[PROVIDED INFORMATION]
definition affine_map :: "'i set \<Rightarrow> 'j set \<Rightarrow> (('i \<Rightarrow> real) \<Rightarrow> ('j \<Rightarrow> real)) \<Rightarrow> bool" where
  "affine_map I J \<alpha> \<longleftrightarrow> (\<exists>A c. \<forall>x. \<alpha> x = (\<lambda>k. if k \<in> J then c k + (\<Sum>p\<in>I. A k p * x p) else 0))"

end

theory Submission
  imports Defs
begin

text \<open>Let \<open>C\<close> be the coordinates \<open>(i, n + j)\<close> with \<open>{i, j} \<in> E\<close>. The face of \<open>LOP(2n)\<close>
  cut out by \<open>y\<^sub>p = 1\<close> for \<open>p \<in> C\<close> is the convex hull of the linear orders placing every \<open>i\<close>
  before every \<open>n + j\<close> with \<open>{i, j} \<in> E\<close>, and the affine map sends \<open>y\<close> to \<open>(1 - y\<^bsub>(k, n+k)\<^esub>)\<^sub>k\<close>,
  i.e. vertex \<open>k\<close> is selected iff \<open>n + k\<close> precedes \<open>k\<close>. Such an order never selects both ends
  of an edge \<open>{i, j}\<close>, since \<open>n+i < i < n+j < j < n+i\<close> would be a cycle; conversely a stable
  set \<open>S\<close> is realised by ordering the blocks \<open>[n] - S\<close>, \<open>n + S\<close>, \<open>S\<close>, \<open>n + ([n] - S)\<close>.
  Both the face and the stable set polytope are convex hulls, so it suffices to match vertices.\<close>

lemma convex_comb_in_conv:
  assumes "finite T" "T \<noteq> {}" "\<forall>w\<in>T. c w \<ge> (0::real)" "sum c T = 1" "\<forall>w\<in>T. f w \<in> S"
  shows "(\<lambda>k. \<Sum>w\<in>T. c w * f w k) \<in> conv S"
proof -
  define c' where "c' u = sum c {w\<in>T. f w = u}" for u
  have sum_c': "sum c' (f ` T) = 1"
    using sum.image_gen[OF assms(1), of c f] assms(4) by (simp add: c'_def)
  have "(\<Sum>w\<in>T. c w * f w k) = (\<Sum>u\<in>f ` T. c' u * u k)" for k
  proof -
    have "(\<Sum>w\<in>T. c w * f w k) = (\<Sum>u\<in>f ` T. \<Sum>w\<in>{w\<in>T. f w = u}. c w * f w k)"
      using sum.image_gen[OF assms(1), of "\<lambda>w. c w * f w k" f] .
    also have "\<dots> = (\<Sum>u\<in>f ` T. c' u * u k)"
      unfolding c'_def sum_distrib_right by (intro sum.cong refl) auto
    finally show ?thesis .
  qed
  then show ?thesis
    unfolding conv_def using assms sum_c'
    by (intro CollectI exI[of _ "f ` T"] exI[of _ c']) (auto simp: c'_def intro!: sum_nonneg)
qed
lemma tendsto_q_at_left_pi_half: "(q \<longlongrightarrow> 0) (at_left (pi/2))"
proof (rule Lim_transform_eventually)
  show "(q_ext \<longlongrightarrow> 0) (at_left (pi/2))"
    using continuous_on_Icc_at_leftD[OF continuous_on_q_ext] q_ext_pi_half by simp
  show "\<forall>\<^sub>F \<alpha> in at_left (pi/2). q_ext \<alpha> = q \<alpha>"
    unfolding eventually_at_left_field by (intro exI[of _ 0]) (auto simp: q_eq_q_ext)
qed

lemma q_strict_mono_on: "strict_mono_on {0<..q_crit_angle} q"
  using monotone_onD[OF q_ext_strict_mono_on] q_crit_angle
  by (intro monotone_onI) (auto simp: q_eq_q_ext)

lemma q_strict_antimono_on: "strict_antimono_on {q_crit_angle..<pi/2} q"
  using monotone_onD[OF q_ext_strict_antimono_on] q_crit_angle
  by (intro monotone_onI) (auto simp: q_eq_q_ext)

lemma q_less_q_crit_angle:
  assumes "\<alpha> \<in> {0<..<pi/2}" "\<alpha> \<noteq> q_crit_angle"
  shows "q \<alpha> < q q_crit_angle"
  using unimodal_less_peak[OF q_ext_strict_mono_on q_ext_strict_antimono_on, of \<alpha>] assms q_crit_angle
  by (simp add: q_eq_q_ext)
[/PROVIDED INFORMATION]
■ THE TASK ■
Once more, write out all the data exactly.

■ ANSWER SPACE ■
definition affine_map :: "'i set \<Rightarrow> 'j set \<Rightarrow> (('i \<Rightarrow> real) \<Rightarrow> ('j \<Rightarrow> real)) \<Rightarrow> bool" where
  "affine_map I J \<alpha> \<longleftrightarrow> (\<exists>A c. \<forall>x. \<alpha> x = (\<lambda>k. if k \<in> J then c k + (\<Sum>p\<in>I. A k p * x p) else 0))"

end

theory Submission
  imports Defs
begin

text \<open>Let \<open>C\<close> be the coordinates \<open>(i, n + j)\<close> with \<open>{i, j} \<in> E\<close>. The face of \<open>LOP(2n)\<close>
  cut out by \<open>y\<^sub>p = 1\<close> for \<open>p \<in> C\<close> is the convex hull of the linear orders placing every \<open>i\<close>
  before every \<open>n + j\<close> with \<open>{i, j} \<in> E\<close>, and the affine map sends \<open>y\<close> to \<open>(1 - y\<^bsub>(k, n+k)\<^esub>)\<^sub>k\<close>,
  i.e. vertex \<open>k\<close> is selected iff \<open>n + k\<close> precedes \<open>k\<close>. Such an order never selects both ends
  of an edge \<open>{i, j}\<close>, since \<open>n+i < i < n+j < j < n+i\<close> would be a cycle; conversely a stable
  set \<open>S\<close> is realised by ordering the blocks \<open>[n] - S\<close>, \<open>n + S\<close>, \<open>S\<close>, \<open>n + ([n] - S)\<close>.
  Both the face and the stable set polytope are convex hulls, so it suffices to match vertices.\<close>

lemma convex_comb_in_conv:
  assumes "finite T" "T \<noteq> {}" "\<forall>w\<in>T. c w \<ge> (0::real)" "sum c T = 1" "\<forall>w\<in>T. f w \<in> S"
  shows "(\<lambda>k. \<Sum>w\<in>T. c w * f w k) \<in> conv S"
proof -
  define c' where "c' u = sum c {w\<in>T. f w = u}" for u
  have sum_c': "sum c' (f ` T) = 1"
    using sum.image_gen[OF assms(1), of c f] assms(4) by (simp add: c'_def)
  have "(\<Sum>w\<in>T. c w * f w k) = (\<Sum>u\<in>f ` T. c' u * u k)" for k
  proof -
    have "(\<Sum>w\<in>T. c w * f w k) = (\<Sum>u\<in>f ` T. \<Sum>w\<in>{w\<in>T. f w = u}. c w * f w k)"
      using sum.image_gen[OF assms(1), of "\<lambda>w. c w * f w k" f] .
    also have "\<dots> = (\<Sum>u\<in>f ` T. c' u * u k)"
      unfolding c'_def sum_distrib_right by (intro sum.cong refl) auto
    finally show ?thesis .
  qed
  then show ?thesis
    unfolding conv_def using assms sum_c'
    by (intro CollectI exI[of _ "f ` T"] exI[of _ c']) (auto simp: c'_def intro!: sum_nonneg)
qed
lemma tendsto_q_at_left_pi_half: "(q \<longlongrightarrow> 0) (at_left (pi/2))"
proof (rule Lim_transform_eventually)
  show "(q_ext \<longlongrightarrow> 0) (at_left (pi/2))"
    using continuous_on_Icc_at_leftD[OF continuous_on_q_ext] q_ext_pi_half by simp
  show "\<forall>\<^sub>F \<alpha> in at_left (pi/2). q_ext \<alpha> = q \<alpha>"
    unfolding eventually_at_left_field by (intro exI[of _ 0]) (auto simp: q_eq_q_ext)
qed

lemma q_strict_mono_on: "strict_mono_on {0<..q_crit_angle} q"
  using monotone_onD[OF q_ext_strict_mono_on] q_crit_angle
  by (intro monotone_onI) (auto simp: q_eq_q_ext)

lemma q_strict_antimono_on: "strict_antimono_on {q_crit_angle..<pi/2} q"
  using monotone_onD[OF q_ext_strict_antimono_on] q_crit_angle
  by (intro monotone_onI) (auto simp: q_eq_q_ext)

lemma q_less_q_crit_angle:
  assumes "\<alpha> \<in> {0<..<pi/2}" "\<alpha> \<noteq> q_crit_angle"
  shows "q \<alpha> < q q_crit_angle"
  using unimodal_less_peak[OF q_ext_strict_mono_on q_ext_strict_antimono_on, of \<alpha>] assms q_crit_angle
  by (simp add: q_eq_q_ext)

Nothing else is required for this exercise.